Und darin bin ich richtig gut.
Während ich neben ihm herlaufe und wir erste Höflichkeiten austauschen, betrachte ich mich flüchtig im gegenüberliegenden Schaufenster: schwarze Turnschuhe, schwarze Jeans, beiger Mantel, die blonden Haare fallen in leichten Wellen über die Schultern. Wenig Schminke. Dieses „Tam Tam“ um Schminke habe ich noch nie verstanden. Stundenlange You Tube Beauty Blogs, in denen zugekleisterte Teenager einem beibringen, wie man sich richtig verunstalten kann. Männer mögen keine überschminkten Frauen. Ein leichtes Make Up und Wimperntusche, damit macht man meiner Erfahrung nach (und davon habe ich viel) beim ersten Date nie etwas falsch. Er soll sich wohlfühlen, aber trotzdem das Gefühl haben, dass ich mir etwas Mühe gemacht habe. Julian fühlt sich wohl. Das merke ich.
Mir gefällt die Art, wie er redet. Seine Stimme ist unaufdringlich und weich. Voller Begeisterung erzählt er vom Surfen und es ist so einfach zu verstehen, wer er ist und was ihn glücklich macht. Wir reden über Handball. Damit kenn ich mich aus. Gerade ist WM und die Gesprächsthemen ergeben sich wie von alleine. Ich sage die richtigen Sachen, lache über seine Anekdoten und nach fünfzehn Minuten denkt er, dass wir auf „der gleichen Welle surfen.“
Ich kann gar nicht surfen, aber ich tue so, als ob es mich interessiert, erzähle, warum ich es auf keiner meiner zahlreichen Reisen geschafft habe, damit anzufangen.
Er glaubt mir.
Und langsam spüre ich es. Dieses erste warme Kribbeln. Das ganz langsam am Bauchnabel beginnt und sich dann in den ganzen Körper ausbreitet. Eine wohlige Wärme, die wie eine Welle durch den Körper reitet und ihn mit Glückseligkeit erfüllt. Dieses eine Gefühl, dass einem die Sinne rauben oder erweitern kann, dass einen kopflos werden und die Urtriebe die Überhand gewinnen lässt. Nur ein fast Fremder kann einem diesen Kick verschaffen, diesen Reiz des Neuen.

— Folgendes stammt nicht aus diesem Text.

lemma act_H_mult_right:
  "\<forall>p\<in>set xs. fst p \<in> carrier H \<Longrightarrow> h \<in> carrier H \<Longrightarrow> t \<in> carrier H \<Longrightarrow> g \<in> carrier H \<Longrightarrow>
   act_H h xs (t \<otimes> g) = (fst (act_H h xs t), snd (act_H h xs t) \<otimes> g)"
proof (induction xs arbitrary: h)
  case Nil
  then show ?case by (simp add: H.m_assoc)
next
  case (Cons a xs)
  obtain c e where a: "a = (c, e)" by (cases a)
  have c: "c \<in> carrier H" using Cons.prems a by simp
  have "pass e (inv (rep e (h \<otimes> c)) \<otimes> (h \<otimes> c)) \<in> carrier H"
    using Cons.prems c by (simp add: rep_mem pass_closed)
  then show ?case using Cons by (simp add: a Let_def)
qed

lemma act_letter_mult_right: "[a] \<in> W \<Longrightarrow> normal_form y \<Longrightarrow> g \<in> carrier H \<Longrightarrow>
   act_letter a (fst y, snd y \<otimes> g) = (fst (act_letter a y), snd (act_letter a y) \<otimes> g)"
proof (cases a)
  case (Inl h)
  assume "[a] \<in> W" "normal_form y" "g \<in> carrier H"
  then show ?thesis using Inl act_H_mult_right[OF reduced_closed_all] by (simp add: normal_form_def)
next
  case (Inr e)
  then show ?thesis by (auto simp: act_t_def split: list.splits)
qed

lemma act_word_mult_right: "w \<in> W \<Longrightarrow> normal_form x \<Longrightarrow> g \<in> carrier H \<Longrightarrow>
   act_word w (fst x, snd x \<otimes> g) = (fst (act_word w x), snd (act_word w x) \<otimes> g)"
proof (induction w)
  case Nil
  then show ?case by simp
next
  case (Cons a w)
  have aW: "[a] \<in> W" and wW: "w \<in> W" using Cons.prems words_simps(4)[of "[a]" w] by auto
  have v: "normal_form (act_word w x)" using wW Cons.prems by (simp add: normal_form_act_word)
  show ?case using Cons.IH[OF wW Cons.prems(2,3)] act_letter_mult_right[OF aW v Cons.prems(3)] by simp
qed

lemma act_word_cls_eq: "u \<in> W \<Longrightarrow> v \<in> W \<Longrightarrow> cls u = cls v \<Longrightarrow> act_word u nf_one = act_word v nf_one"
  using cls_eq_iff act_word_rel normal_form_nf_one by blast

section \<open>Consequences of the normal form\<close>

lemma emb_inj: "g \<in> carrier H \<Longrightarrow> h \<in> carrier H \<Longrightarrow> emb g = emb h \<Longrightarrow> g = h"
proof -
  assume g: "g \<in> carrier H" and h: "h \<in> carrier H" and e: "emb g = emb h"
  have "act_word [Inl g] nf_one = act_word [Inl h] nf_one" using act_word_cls_eq[of "[Inl g]" "[Inl h]"] g h e by simp
  then show ?thesis using g h by (simp add: nf_one_def)
qed

lemma stable_conj_emb_imp_K:
  assumes x: "x \<in> carrier H" and y: "y \<in> carrier H"
    and e: "stable \<otimes>\<^bsub>G\<^esub> emb x \<otimes>\<^bsub>G\<^esub> stable_inv = emb y"
  shows "x \<in> K"
proof -
  have "cls [Inr True, Inl x, Inr False] = emb y" using e x by (simp add: mult_cls)
  then have "act_word [Inr True, Inl x, Inr False] nf_one = act_word [Inl y] nf_one"
    using act_word_cls_eq[of "[Inr True, Inl x, Inr False]" "[Inl y]"] x y by simp
  moreover have "fst (act_word [Inr True, Inl x, Inr False] nf_one) =
      (if rep False x = \<one> then [] else [(\<one>, True), (rep False x, False)])"
    using x by (simp add: nf_one_def act_t_def Let_def)
  moreover have "fst (act_word [Inl y] nf_one) = []" by (simp add: nf_one_def)
  ultimately have "rep False x = \<one>" by (metis list.distinct(1))
  then have "x \<in> assoc False" using H.lcoset_rep_eq_one_iff[OF assoc_subgroup x] by simp
  then show ?thesis by (simp add: assoc_def)
qed

lemma carrier_not_subset_assoc: "K \<noteq> carrier H \<Longrightarrow> \<not> carrier H \<subseteq> assoc e"
proof
  assume ne: "K \<noteq> carrier H" and sub: "carrier H \<subseteq> assoc e"
  have "carrier H \<subseteq> K"
  proof (cases e)
    case True
    show ?thesis
    proof
      fix h assume h: "h \<in> carrier H"
      then have "\<phi> h \<in> \<phi> ` K" using sub True by (auto simp: assoc_def)
      then obtain k where k: "k \<in> K" "\<phi> h = \<phi> k" by auto
      then have "h = k" using h K_carr phi_inj by (auto dest: inj_onD)
      then show "h \<in> K" using k by simp
    qed
  next
    case False
    then show ?thesis using sub by (simp add: assoc_def)
  qed
  then show False using ne K_sub by blast
qed

text \<open>If every \<open>h \<in> H\<close> fixes the first syllable \<open>c\<close>, then \<open>h c \<in> c (assoc e)\<close> for all \<open>h\<close>,
  so the conjugate \<open>c\<inverse> H c = H\<close> lies in \<open>assoc e\<close>; this contradicts the properness of \<open>K\<close>.\<close>

lemma act_H_fixed_imp_Nil:
  assumes ne: "K \<noteq> carrier H" and red: "reduced xs"
    and fixed: "\<And>h. h \<in> carrier H \<Longrightarrow> fst (act_H h xs t) = xs"
  shows "xs = []"
proof (rule ccontr)
  assume "xs \<noteq> []"
  then obtain c e r where xs: "xs = (c, e) # r" by (cases xs) auto
  have c: "c \<in> carrier H" and rc: "rep e c = c" using red xs by auto
  have fix_c: "rep e (h \<otimes> c) = c" if h: "h \<in> carrier H" for h
    using fixed[OF h] xs by (simp add: Let_def)
  have "carrier H \<subseteq> assoc e"
  proof
    fix h assume h: "h \<in> carrier H"
    define h' where "h' = c \<otimes> h \<otimes> inv c"
    have h': "h' \<in> carrier H" using h c by (simp add: h'_def)
    have "rep e c = rep e (h' \<otimes> c)" using fix_c[OF h'] rc by simp
    then have "inv c \<otimes> (h' \<otimes> c) \<in> assoc e" using H.lcoset_rep_eqD[OF assoc_subgroup c] h' c by simp
    then show "h \<in> assoc e" using h c by (simp add: h'_def H.m_assoc)
  qed
  then show False using carrier_not_subset_assoc[OF ne] by blast
qed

Wir landen in einer dieser Bars, in denen sie die Sounds meiner „Jugend“ spielen und die Hip-Hop Beats mir das Gefühl geben, wieder Studentin und Anfang Zwanzig zu sein, mit allen Möglichkeiten, die die Welt so zu bieten hat, ja, selbst surfen könnte ich grad lernen.
Wir stehen eng aneinandergedrängt und da wir beide keinen Alkohol vertragen, sind wir nach dem zweiten Wein perfekt angeheitert und wie aus dem Nichts, liegen seine Lippen auf meinen.
Ich presse meinen Körper enger an seinen, rieche an seinen Locken und genieße den Duft seiner Haut. Er riecht nach dunkler Schokolade, etwas herb und dennoch süß. Seine Hand liegt warm in meinem Nacken und seine Finger streicheln meinen Hals im Rhytmus zum wummernden Bass. Seine Küsse sind sanft und leidenschaftlich, seine Hände unter meinem Pullover warm und genau immer da, wo ich sie gerade haben will. Im Hintergrund läuft Notorious Big mit The sky is the limit.
Ewig sind wir vereint und meine Gedanken sind ausgeschaltet. Ich kann nicht mehr denken. Julian und ich. Auf unserer Welle.
Die Wirkung des Weines lässt nach. Genauso wie das warme Kribbeln in meinem Körper.
Ich will nur noch weg und spüre, wie mehrere Augenpaare auf uns gerichtet sind. Unauffällig drehe ich mich mit kleinen Bewegungen in alle Richtungen um. Kein bekanntes Gesicht. „Ich gehe kurz zur Toilette.“ Er nickt, lächelt und drückt mir einen Kuss auf den Mund.
Ich verlasse die Bar durch den Hinterausgang und rufe mir- vor Kälte zitternd- ein Taxi. Vor der Haustür streiche ich kurz über unser Klingelschild mit den zwei Nachnamen, die so symbiotisch klingen, wenn man sie hintereinander ausspricht.